Au moins j’y suis allé avec le minimum d’attente, certainement pas neutre mais avec un taux de hype négatif. Les faits : un dramaturge cérébré célébré, évidement homo, revient après douze ans dans sa famille plus modeste dont on devine rapidement les raisons de l’éloignement. Le message à passer est simple : je vais clamser. Sida ? Cancer ? On n’en sait rien, on ne connaît que l’urgence laissant une béatitude expression de détachement sur Gaspard Ulliel. Non-jeu ? Peut-être. Arrive alors après le maximum de temps possible la rencontre, une après-midi, avec la sœur, la mère, le frère et sa belle-sœur. La discussion s’engage, le brouhaha commence, les gros plans sur les visages s’enchaînent.
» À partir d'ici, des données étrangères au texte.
text \<open>The first-order term of the Taylor expansion has mean zero by independence, and the remainder
  factorises into \<open>\<bbbE>\<psi>(S)\<close> times a moment of \<open>Y\<close>.\<close>

lemma (in prob_space) expectation_bracket_powr_add_le:
  fixes S Y :: "'a \<Rightarrow> real"
  assumes indep: "indep_var borel S borel Y" and p: "2 \<le> p" and c: "\<bar>c\<bar> \<le> A"
    and Y: "integrable M Y" "expectation Y = 0" "integrable M (\<lambda>\<omega>. \<bar>Y \<omega>\<bar> powr p)"
    and moment: "expectation (\<lambda>\<omega>. \<bar>Y \<omega>\<bar> powr p) \<le> mp"
    and S: "integrable M (\<lambda>\<omega>. bracket_powr p (S \<omega>))"
  shows "integrable M (\<lambda>\<omega>. bracket_powr p (S \<omega> + c * Y \<omega>))"
    and "expectation (\<lambda>\<omega>. bracket_powr p (S \<omega> + c * Y \<omega>))
      \<le> expectation (\<lambda>\<omega>. bracket_powr p (S \<omega>)) * (1 + bracket_taylor_const p A * (1 + mp) * c\<^sup>2)"
proof -
  have [measurable]: "S \<in> borel_measurable M" "Y \<in> borel_measurable M"
    using indep_var_rv1[OF indep] indep_var_rv2[OF indep] by auto
  define K where "K = bracket_taylor_const p A"
  define R where "R = (\<lambda>\<omega>. bracket_powr p (S \<omega>) + c * (bracket_powr_deriv p (S \<omega>) * Y \<omega>)
    + K * c\<^sup>2 * (bracket_powr p (S \<omega>) * (1 + \<bar>Y \<omega>\<bar> powr p)))"
  have deriv: "integrable M (\<lambda>\<omega>. bracket_powr_deriv p (S \<omega>))"
    using S p by (intro integrable_bracket_powr_deriv) auto
  have id_meas: "(\<lambda>y::real. y) \<in> borel_measurable borel" by measurable
  have moment_meas: "(\<lambda>y. 1 + \<bar>y\<bar> powr p) \<in> borel_measurable borel" by measurable
  have Y1: "integrable M (\<lambda>\<omega>. 1 + \<bar>Y \<omega>\<bar> powr p)" using Y(3) by simp
  note cross = indep_var_compose_expectation[OF indep bracket_powr_deriv_measurable id_meas deriv Y(1)]
  note prod = indep_var_compose_expectation[OF indep bracket_powr_measurable moment_meas S Y1]
  have "expectation (\<lambda>\<omega>. 1 + \<bar>Y \<omega>\<bar> powr p) = 1 + expectation (\<lambda>\<omega>. \<bar>Y \<omega>\<bar> powr p)"
    using Y(3) by (simp add: prob_space)
  then have R: "integrable M R" "expectation R = expectation (\<lambda>\<omega>. bracket_powr p (S \<omega>))
      + K * c\<^sup>2 * (expectation (\<lambda>\<omega>. bracket_powr p (S \<omega>)) * (1 + expectation (\<lambda>\<omega>. \<bar>Y \<omega>\<bar> powr p)))"
    unfolding R_def using S cross prod Y(2) by simp_all
  have pointwise: "bracket_powr p (S \<omega> + c * Y \<omega>) \<le> R \<omega>" for \<omega>
    unfolding R_def K_def by (rule bracket_powr_add_mult_le[OF p c])
  show int: "integrable M (\<lambda>\<omega>. bracket_powr p (S \<omega> + c * Y \<omega>))"
    using pointwise bracket_powr_pos[of p]
    by (intro Bochner_Integration.integrable_bound[OF R(1)]) (auto intro: order_trans[OF _ abs_ge_self])
  have "0 \<le> K" unfolding K_def using p by (intro bracket_taylor_const_nonneg) simp
  then have "K * c\<^sup>2 * (1 + expectation (\<lambda>\<omega>. \<bar>Y \<omega>\<bar> powr p)) \<le> K * c\<^sup>2 * (1 + mp)"
    using moment by (intro mult_left_mono) auto
  moreover have "0 \<le> expectation (\<lambda>\<omega>. bracket_powr p (S \<omega>))"
    using bracket_powr_pos[of p] by (intro integral_nonneg_AE) (simp add: less_imp_le)
  ultimately have "expectation (\<lambda>\<omega>. bracket_powr p (S \<omega>)) * (K * c\<^sup>2 * (1 + expectation (\<lambda>\<omega>. \<bar>Y \<omega>\<bar> powr p)))
      \<le> expectation (\<lambda>\<omega>. bracket_powr p (S \<omega>)) * (K * c\<^sup>2 * (1 + mp))"
    by (rule mult_left_mono)
  then have "expectation R \<le> expectation (\<lambda>\<omega>. bracket_powr p (S \<omega>)) * (1 + K * (1 + mp) * c\<^sup>2)"
    unfolding R(2) by (simp add: algebra_simps)
  with integral_mono[OF int R(1) pointwise]
  show "expectation (\<lambda>\<omega>. bracket_powr p (S \<omega> + c * Y \<omega>))
      \<le> expectation (\<lambda>\<omega>. bracket_powr p (S \<omega>)) * (1 + bracket_taylor_const p A * (1 + mp) * c\<^sup>2)"
    unfolding K_def by (rule order_trans)
qed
Je m’attendais à deux choses ici, le choc du texte de Jean-Luc Lagarde et une autoparodie du style Dolanien prophétisée par à peu près toutes les critiques lues en amont. Soit on n’a pas vu le même film, soit j’ai des fils qui se touchent, mais j’ai eu le sentiment exactement inverse. Comprenons-nous, on est devant un groupe d’individus dysfonctionnels au possible, au statut de cas d’école de Palo Alto (l’école de Palo Alto étant une série de recherches et d’articles étudiant les dissonances entre la pensée et la parole, ce que l’on veut exprimer et ce que l’on finit par réellement dire, son impact sur le théâtre a commencé avec « De l’influence des rayons gamma sur la pousse des marguerites » et a continué avec à peu près tous les huis clos présentant une famille déchirée). Ça jacasse beaucoup pour mieux tourner en rond. Enervant. Douloureux dans les propos mais énervant. C’est un film sur l’échec de la communication verbale, ce qui tombe très bien car c’est un film, donc une communication par l’image.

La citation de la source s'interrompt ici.